(Source material):
- - -

(* Write h = (|T| - k + 1) div 2.  Since every coordinate splits the topes into two halves
   T^+_e and -T^+_e of size |T|/2, a k-set K of topes is a strict majority on e exactly when
   the complement T - K contains no h-subset of T^+_e.  Hence the committees counted by
   kappa_ring_star are the opposite-free k-subsets K of T such that no member of the family P
   lies inside T - K. *)

definition opposite_free :: "('a \<Rightarrow> 'a) \<Rightarrow> 'a set \<Rightarrow> bool" where
  "opposite_free n K \<longleftrightarrow> (\<forall>x\<in>K. n x \<notin> K)"

definition free_subsets :: "('a \<Rightarrow> 'a) \<Rightarrow> 'a set \<Rightarrow> nat \<Rightarrow> 'a set set" where
  "free_subsets n W k = {K. K \<subseteq> W \<and> card K = k \<and> opposite_free n K}"

definition unpaired :: "('a \<Rightarrow> 'a) \<Rightarrow> 'a set \<Rightarrow> 'a set" where
  "unpaired n W = {x\<in>W. n x \<notin> W}"

definition paired :: "('a \<Rightarrow> 'a) \<Rightarrow> 'a set \<Rightarrow> 'a set" where
  "paired n W = {x\<in>W. n x \<in> W}"

(* The closed count: choose j unpaired elements and k - j of the p pairs, each pair in two ways. *)
definition free_count :: "nat \<Rightarrow> nat \<Rightarrow> nat \<Rightarrow> int" where
  "free_count s p k = (\<Sum>j=0..k. int (s choose j) * int (p choose (k - j)) * 2 ^ (k - j))"

(* Boundary values and the two Pascal-type recurrences of free_count, mirroring the removal
   of an unpaired element resp. of a whole pair. *)
lemma free_count_0: "free_count s p 0 = 1"
  by (simp add: free_count_def)

lemma free_count_empty: "free_count 0 0 (Suc k) = 0"
  unfolding free_count_def by (rule sum.neutral) (auto simp: binomial_eq_0_iff)

lemma free_count_no_unpaired: "free_count 0 p k = int (p choose k) * 2 ^ k"
proof (cases k)
  case (Suc k')
  then show ?thesis
    unfolding free_count_def Suc by (subst sum.atLeast0_atMost_Suc_shift) simp
qed (simp add: free_count_def)
(* Let $\lambda>0$, let $\gamma\ge0$, and let $Z_s\in\mathbb{R}^{1\times(n+m)}$ be row vectors with $\|Z_s\|_2\le1+\gamma$. Let $\Theta^*_s\in\mathbb{R}^{(n+m)\times n}$ satisfy $\sum_{s=1}^{H-1}\|\Theta^*_{s+1}-\Theta^*_s\|_F\le\mathcal{B}_H$. Let $h_0\le h$ lie in the same restart epoch of size $L$ (so $h-h_0\le L$). Then for any $h\in[H]$, \[ \Big\|\Big(\sum_{s=h_0}^{h-1}Z_s^\top Z_s+\lambda I\Big)^{-1}\Big(\sum_{s=h_0}^{h-1}Z_s^\top Z_s(\Theta^*_s-\Theta^*_h)\Big)\Big\|_F\le(1+\gamma)\sqrt{\tfrac{L(m+n)}{\lambda}}\,\mathcal{B}_H. \]
   Context: In the paper, $Z_s=[x_s^\top,u_s^\top]$ for the states and controls of a time-varying linear system $x_{s+1}=A_sx_s+B_su_s+w_s$ with $\Theta^*_s=[A_s,B_s]^\top$, the bound $\|Z_s\|_2\le1+\gamma$ holds with $\gamma$ a bound on the control norms $\|u_s\|_2$ (states having norm at most $1$), and $h_0$ is the start of the current epoch of the restarting strategy with epoch length $L$. *)

theory Defs
  imports "HOL-Analysis.Analysis"
begin

definition outer :: "real^'d \<Rightarrow> real^'d^'d" where
  "outer z = (\<chi> i j. z $ i * z $ j)"

definition frob_norm :: "real^'c^'r \<Rightarrow> real" where
  "frob_norm M = sqrt (\<Sum>i\<in>UNIV. \<Sum>j\<in>UNIV. (M $ i $ j)^2)"

end

theory Submission
  imports Defs
begin

(* Write V = (SUM s. z_s z_s^T) + lam I and r_i for the i-th row of V^-1. Entry (i,j) of
   V^-1 (SUM s. z_s z_s^T D_s) is SUM s. (r_i . z_s) (z_s . D_s e_j). As V is symmetric,
   V r_i = e_i, so evaluating the quadratic form of V at r_i gives
   SUM s. (z_s . r_i)^2 + lam |r_i|^2 = (r_i)_i, whence SUM s. (z_s . r_i)^2 <= 1/(4 lam).
   Cauchy-Schwarz over s then bounds the squared Frobenius norm by
   (n+m)/(4 lam) SUM s. |z_s|^2 |D_s|_F^2, and each drift D_s = Theta_s - Theta_h is at most
   the total variation B_H by telescoping. *)

lemma power2_norm_vec: "(norm (x::'a::real_normed_vector^'n))^2 = (\<Sum>i\<in>UNIV. (norm (x$i))^2)"
  unfolding norm_vec_def L2_set_def by (simp add: sum_nonneg)

lemma power2_norm_vec_real: "(norm (x::real^'n))^2 = (\<Sum>i\<in>UNIV. (x$i)^2)"
  by (simp add: power2_norm_vec)

lemma frob_norm_eq_norm: "frob_norm (M::real^'c^'r) = norm M"
proof -
  have "(\<Sum>i\<in>UNIV. \<Sum>j\<in>UNIV. (M $ i $ j)^2) = (norm M)^2"
    by (simp add: power2_norm_vec power2_norm_vec_real)
  then show ?thesis
    by (simp add: frob_norm_def)
qed

lemma power2_norm_eq_sum_columns:
  "(norm (M::real^'c^'r))^2 = (\<Sum>j\<in>UNIV. (norm (column j M))^2)"
  by (simp add: power2_norm_vec power2_norm_vec_real column_def) (rule sum.swap)

lemma sum_power2_inner_columns_le:
  fixes z :: "real^'r" and M :: "real^'c^'r"
  shows "(\<Sum>j\<in>UNIV. (z \<bullet> column j M)^2) \<le> (norm z)^2 * (norm M)^2"
proof -
  have "(\<Sum>j\<in>UNIV. (z \<bullet> column j M)^2) \<le> (\<Sum>j\<in>UNIV. (norm z)^2 * (norm (column j M))^2)"
    by (intro sum_mono) (simp add: Cauchy_Schwarz_ineq power2_norm_eq_inner)
  then show ?thesis
    by (simp add: power2_norm_eq_sum_columns sum_distrib_left)
qed

lemma outer_mult_vec: "outer z *v x = (z \<bullet> x) *\<^sub>R (z::real^'d)"
  by (simp add: vec_eq_iff outer_def matrix_vector_mult_def inner_vec_def sum_distrib_left mult_ac)

definition ridge_gram :: "'s set \<Rightarrow> ('s \<Rightarrow> real^'d) \<Rightarrow> real \<Rightarrow> real^'d^'d" where
  "ridge_gram S Z lam = (\<Sum>s\<in>S. outer (Z s)) + lam *\<^sub>R mat 1"

lemma transpose_ridge_gram [simp]: "transpose (ridge_gram S Z lam) = ridge_gram S Z lam"
  by (simp add: vec_eq_iff ridge_gram_def transpose_def outer_def mat_def mult.commute)

lemma sum_matrix_vector_mult: "(\<Sum>s\<in>S. A s) *v x = (\<Sum>s\<in>S. A s *v x)"
  by (simp add: vec_eq_iff matrix_vector_mult_def sum_distrib_right) (intro allI sum.swap)

lemma ridge_gram_mult_vec:
  "ridge_gram S Z lam *v x = (\<Sum>s\<in>S. (Z s \<bullet> x) *\<^sub>R Z s) + lam *\<^sub>R x"
  by (simp add: ridge_gram_def matrix_vector_mult_add_rdistrib sum_matrix_vector_mult
      outer_mult_vec flip: scaleR_matrix_vector_assoc)

lemma ridge_gram_quadratic_form:
  "x \<bullet> (ridge_gram S Z lam *v x) = (\<Sum>s\<in>S. (Z s \<bullet> x)^2) + lam * (norm x)^2"
  by (simp add: ridge_gram_mult_vec inner_add_right inner_sum_right inner_commute
      power2_eq_square flip: power2_norm_eq_inner)

lemma invertible_ridge_gram:
  assumes "lam > 0"
  shows "invertible (ridge_gram S Z lam)"
  unfolding invertible_left_inverse matrix_left_invertible_ker
proof (intro allI impI)
  fix x
  assume "ridge_gram S Z lam *v x = 0"
  then have "(\<Sum>s\<in>S. (Z s \<bullet> x)^2) + lam * (norm x)^2 = 0"
    by (simp flip: ridge_gram_quadratic_form)
  moreover have "(\<Sum>s\<in>S. (Z s \<bullet> x)^2) \<ge> 0"
    by (simp add: sum_nonneg)
  ultimately have "lam * (norm x)^2 \<le> 0"
    by linarith
  then show "x = 0"
    using assms by (simp add: mult_le_0_iff)
qed

lemma matrix_inv_left:
  assumes "invertible A"
  shows "matrix_inv A ** A = mat 1"
  using assms unfolding invertible_def matrix_inv_def by (rule someI2_ex) auto

lemma row_mat_1: "row i (mat 1 :: 'a::zero_neq_one^'n^'n) = axis i 1"
  by (simp add: vec_eq_iff row_def mat_def axis_def)

lemma row_matrix_matrix_mult: "row i (A ** B) = row i A v* B"
  by (simp add: vec_eq_iff row_def matrix_matrix_mult_def vector_matrix_mult_def)

lemma ridge_gram_mult_row_inverse:
  assumes "lam > 0"
  shows "ridge_gram S Z lam *v row i (matrix_inv (ridge_gram S Z lam)) = axis i 1"
proof -
  let ?V = "ridge_gram S Z lam"
  have "?V *v row i (matrix_inv ?V) = row i (matrix_inv ?V ** ?V)"
    by (metis row_matrix_matrix_mult transpose_matrix_vector transpose_ridge_gram)
  then show ?thesis
    by (simp add: matrix_inv_left invertible_ridge_gram assms row_mat_1)
qed

lemma sum_power2_inner_row_inverse_le:
  assumes "lam > 0"
  shows "(\<Sum>s\<in>S. (row i (matrix_inv (ridge_gram S Z lam)) \<bullet> Z s)^2) \<le> 1 / (4 * lam)"
proof -
  define r where "r = row i (matrix_inv (ridge_gram S Z lam))"
  have form: "(\<Sum>s\<in>S. (Z s \<bullet> r)^2) + lam * (norm r)^2 = r $ i"
    using ridge_gram_quadratic_form[of r S Z lam]
    by (simp add: r_def ridge_gram_mult_row_inverse assms inner_axis)
  have "(r $ i)^2 \<le> (norm r)^2"
    by (metis abs_le_square_iff abs_norm_cancel component_le_norm_cart)
  then have "lam * (r $ i)^2 \<le> lam * (norm r)^2"
    using assms by simp
  moreover have "r $ i - lam * (r $ i)^2 \<le> 1 / (4 * lam)"
    using assms zero_le_power2[of "2 * lam * r $ i - 1"]
    by (simp add: field_simps power2_eq_square)
  ultimately have "(\<Sum>s\<in>S. (Z s \<bullet> r)^2) \<le> 1 / (4 * lam)"
    using form by linarith
  then show ?thesis
    by (simp add: r_def inner_commute)
qed

lemma matrix_matrix_mult_entry: "(A ** B) $ i $ j = row i A \<bullet> column j (B::real^'c^'d)"
  by (simp add: matrix_matrix_mult_def row_def column_def inner_vec_def)

lemma column_matrix_matrix_mult: "column j (A ** B) = A *v column j B"
  by (simp add: vec_eq_iff column_def matrix_matrix_mult_def matrix_vector_mult_def)

lemma column_sum: "column j (\<Sum>s\<in>S. M s) = (\<Sum>s\<in>S. column j (M s))"
  by (simp add: vec_eq_iff column_def)

lemma matrix_mult_sum_outer_entry:
  fixes A :: "real^'d^'e" and Z :: "'s \<Rightarrow> real^'d" and D :: "'s \<Rightarrow> real^'c^'d"
  shows "(A ** (\<Sum>s\<in>S. outer (Z s) ** D s)) $ i $ j
    = (\<Sum>s\<in>S. (row i A \<bullet> Z s) * (Z s \<bullet> column j (D s)))"
  by (simp add: matrix_matrix_mult_entry column_sum column_matrix_matrix_mult outer_mult_vec
      inner_sum_right mult.commute)

lemma power2_norm_ridge_bias_le:
  fixes Z :: "'s \<Rightarrow> real^'d" and D :: "'s \<Rightarrow> real^'c^'d"
  assumes "lam > 0"
  shows "(norm (matrix_inv (ridge_gram S Z lam) ** (\<Sum>s\<in>S. outer (Z s) ** D s)))^2
    \<le> real CARD('d) / (4 * lam) * (\<Sum>s\<in>S. (norm (Z s))^2 * (norm (D s))^2)"
proof -
  define M where "M = matrix_inv (ridge_gram S Z lam) ** (\<Sum>s\<in>S. outer (Z s) ** D s)"
  define W where "W = (\<Sum>s\<in>S. (norm (Z s))^2 * (norm (D s))^2)"
  have entry: "(M $ i $ j)^2 \<le> 1 / (4 * lam) * (\<Sum>s\<in>S. (Z s \<bullet> column j (D s))^2)" for i j
  proof -
    have "(M $ i $ j)^2 \<le> (\<Sum>s\<in>S. (row i (matrix_inv (ridge_gram S Z lam)) \<bullet> Z s)^2)
        * (\<Sum>s\<in>S. (Z s \<bullet> column j (D s))^2)"
      unfolding M_def matrix_mult_sum_outer_entry by (rule Cauchy_Schwarz_ineq_sum)
    also have "\<dots> \<le> 1 / (4 * lam) * (\<Sum>s\<in>S. (Z s \<bullet> column j (D s))^2)"
      by (intro mult_right_mono sum_power2_inner_row_inverse_le assms sum_nonneg) simp
    finally show ?thesis .
  qed
  have row: "(norm (M $ i))^2 \<le> W / (4 * lam)" for i
  proof -
    have "(norm (M $ i))^2 \<le> (\<Sum>j\<in>UNIV. 1 / (4 * lam) * (\<Sum>s\<in>S. (Z s \<bullet> column j (D s))^2))"
      unfolding power2_norm_vec_real by (intro sum_mono entry)
    also have "\<dots> = 1 / (4 * lam) * (\<Sum>s\<in>S. \<Sum>j\<in>UNIV. (Z s \<bullet> column j (D s))^2)"
      unfolding sum_distrib_left by (rule sum.swap)
    also have "\<dots> \<le> 1 / (4 * lam) * W"
      unfolding W_def using assms
      by (intro mult_left_mono sum_mono sum_power2_inner_columns_le) simp_all
    finally show ?thesis by simp
  qed
  have "(norm M)^2 = (\<Sum>i\<in>UNIV. (norm (M $ i))^2)"
    by (rule power2_norm_vec)
  also have "\<dots> \<le> (\<Sum>i\<in>(UNIV::'d set). W / (4 * lam))"
    by (intro sum_mono row)
  finally show ?thesis by (simp add: M_def W_def)
qed

lemma norm_ridge_bias_le:
  fixes Z :: "'s \<Rightarrow> real^'d" and D :: "'s \<Rightarrow> real^'c^'d"
  assumes "lam > 0" and "0 \<le> \<rho>" and "0 \<le> B"
    and "\<And>s. s \<in> S \<Longrightarrow> norm (Z s) \<le> \<rho>" and "\<And>s. s \<in> S \<Longrightarrow> norm (D s) \<le> B"
  shows "norm (matrix_inv (ridge_gram S Z lam) ** (\<Sum>s\<in>S. outer (Z s) ** D s))
    \<le> \<rho> * B * sqrt (real CARD('d) * real (card S) / (4 * lam))"
proof (rule power2_le_imp_le)
  have weights: "(\<Sum>s\<in>S. (norm (Z s))^2 * (norm (D s))^2) \<le> card S * (\<rho>^2 * B^2)"
    using assms(4,5) by (intro sum_bounded_above mult_mono power_mono) auto
  have "(norm (matrix_inv (ridge_gram S Z lam) ** (\<Sum>s\<in>S. outer (Z s) ** D s)))^2
      \<le> real CARD('d) / (4 * lam) * (\<Sum>s\<in>S. (norm (Z s))^2 * (norm (D s))^2)"
    by (rule power2_norm_ridge_bias_le[OF assms(1)])
  also have "\<dots> \<le> real CARD('d) / (4 * lam) * (card S * (\<rho>^2 * B^2))"
    using weights assms(1) by (intro mult_left_mono) simp_all
  also have "\<dots> = (\<rho> * B * sqrt (real CARD('d) * real (card S) / (4 * lam)))^2"
    using assms(1) by (simp add: power_mult_distrib)
  finally show "(norm (matrix_inv (ridge_gram S Z lam) ** (\<Sum>s\<in>S. outer (Z s) ** D s)))^2
      \<le> (\<rho> * B * sqrt (real CARD('d) * real (card S) / (4 * lam)))^2" .
  show "0 \<le> \<rho> * B * sqrt (real CARD('d) * real (card S) / (4 * lam))"
    using assms(1-3) by simp
qed

lemma norm_diff_le_variation:
  fixes f :: "nat \<Rightarrow> 'a::real_normed_vector"
  assumes "1 \<le> s" and "s \<le> h" and "h \<le> H"
  shows "norm (f s - f h) \<le> (\<Sum>p=1..H-1. norm (f (p + 1) - f p))"
proof -
  have "norm (f s - f h) = norm (\<Sum>p=s..<h. f (Suc p) - f p)"
    using assms(2) by (simp add: sum_Suc_diff' norm_minus_commute)
  also have "\<dots> \<le> (\<Sum>p=s..<h. norm (f (Suc p) - f p))"
    by (rule norm_sum)
  also have "\<dots> \<le> (\<Sum>p=1..H-1. norm (f (Suc p) - f p))"
    by (rule sum_mono2) (use assms in auto)
  finally show ?thesis by simp
qed

theorem lemma6:
  fixes lam \<gamma> BH :: real
    and Z :: "nat \<Rightarrow> real^'d"
    and \<Theta> :: "nat \<Rightarrow> real^'n^'d"
    and n m H L h0 h :: nat
  assumes "lam > 0" and "\<gamma> \<ge> 0"
    and "\<forall>s. norm (Z s) \<le> 1 + \<gamma>"
    and "CARD('n) = n" and "CARD('d) = n + m"
    and "(\<Sum>s=1..H-1. frob_norm (\<Theta> (s+1) - \<Theta> s)) \<le> BH"
    and "h \<in> {1..H}" and "1 \<le> h0" and "h0 \<le> h" and "h - h0 \<le> L"
  shows "frob_norm (matrix_inv ((\<Sum>s=h0..<h. outer (Z s)) + lam *\<^sub>R mat 1)
            ** (\<Sum>s=h0..<h. outer (Z s) ** (\<Theta> s - \<Theta> h)))
         \<le> (1 + \<gamma>) * sqrt (real L * real (m + n) / lam) * BH"
proof -
  have "0 \<le> (\<Sum>s=1..H-1. frob_norm (\<Theta> (s+1) - \<Theta> s))"
    by (simp add: frob_norm_eq_norm sum_nonneg)
  then have "0 \<le> BH"
    using assms(6) by linarith
  moreover have "norm (\<Theta> s - \<Theta> h) \<le> BH" if "s \<in> {h0..<h}" for s
    using norm_diff_le_variation[of s h H \<Theta>] that assms(6-8) by (simp add: frob_norm_eq_norm)
  ultimately have "norm (matrix_inv (ridge_gram {h0..<h} Z lam)
        ** (\<Sum>s=h0..<h. outer (Z s) ** (\<Theta> s - \<Theta> h)))
      \<le> (1 + \<gamma>) * BH * sqrt (real CARD('d) * real (card {h0..<h}) / (4 * lam))"
    using assms(1-3) by (intro norm_ridge_bias_le) auto
  also have "\<dots> \<le> (1 + \<gamma>) * BH * sqrt (real L * real (m + n) / lam)"
  proof -
    have "real (card {h0..<h}) \<le> real L"
      using assms(10) by simp
    then have "real CARD('d) * real (card {h0..<h}) \<le> real L * real (m + n)"
      using assms(5) by (metis add.commute mult.commute mult_left_mono of_nat_0_le_iff)
    then show ?thesis
      using assms(1,2) \<open>0 \<le> BH\<close> by (intro mult_left_mono real_sqrt_le_mono frac_le) simp_all
  qed
  finally show ?thesis
    by (simp add: ridge_gram_def frob_norm_eq_norm mult_ac)
qed

end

- - -

(Task): Return the number of lines containing the word "UNIV" in these records, with no additional output.

(Finished task): 11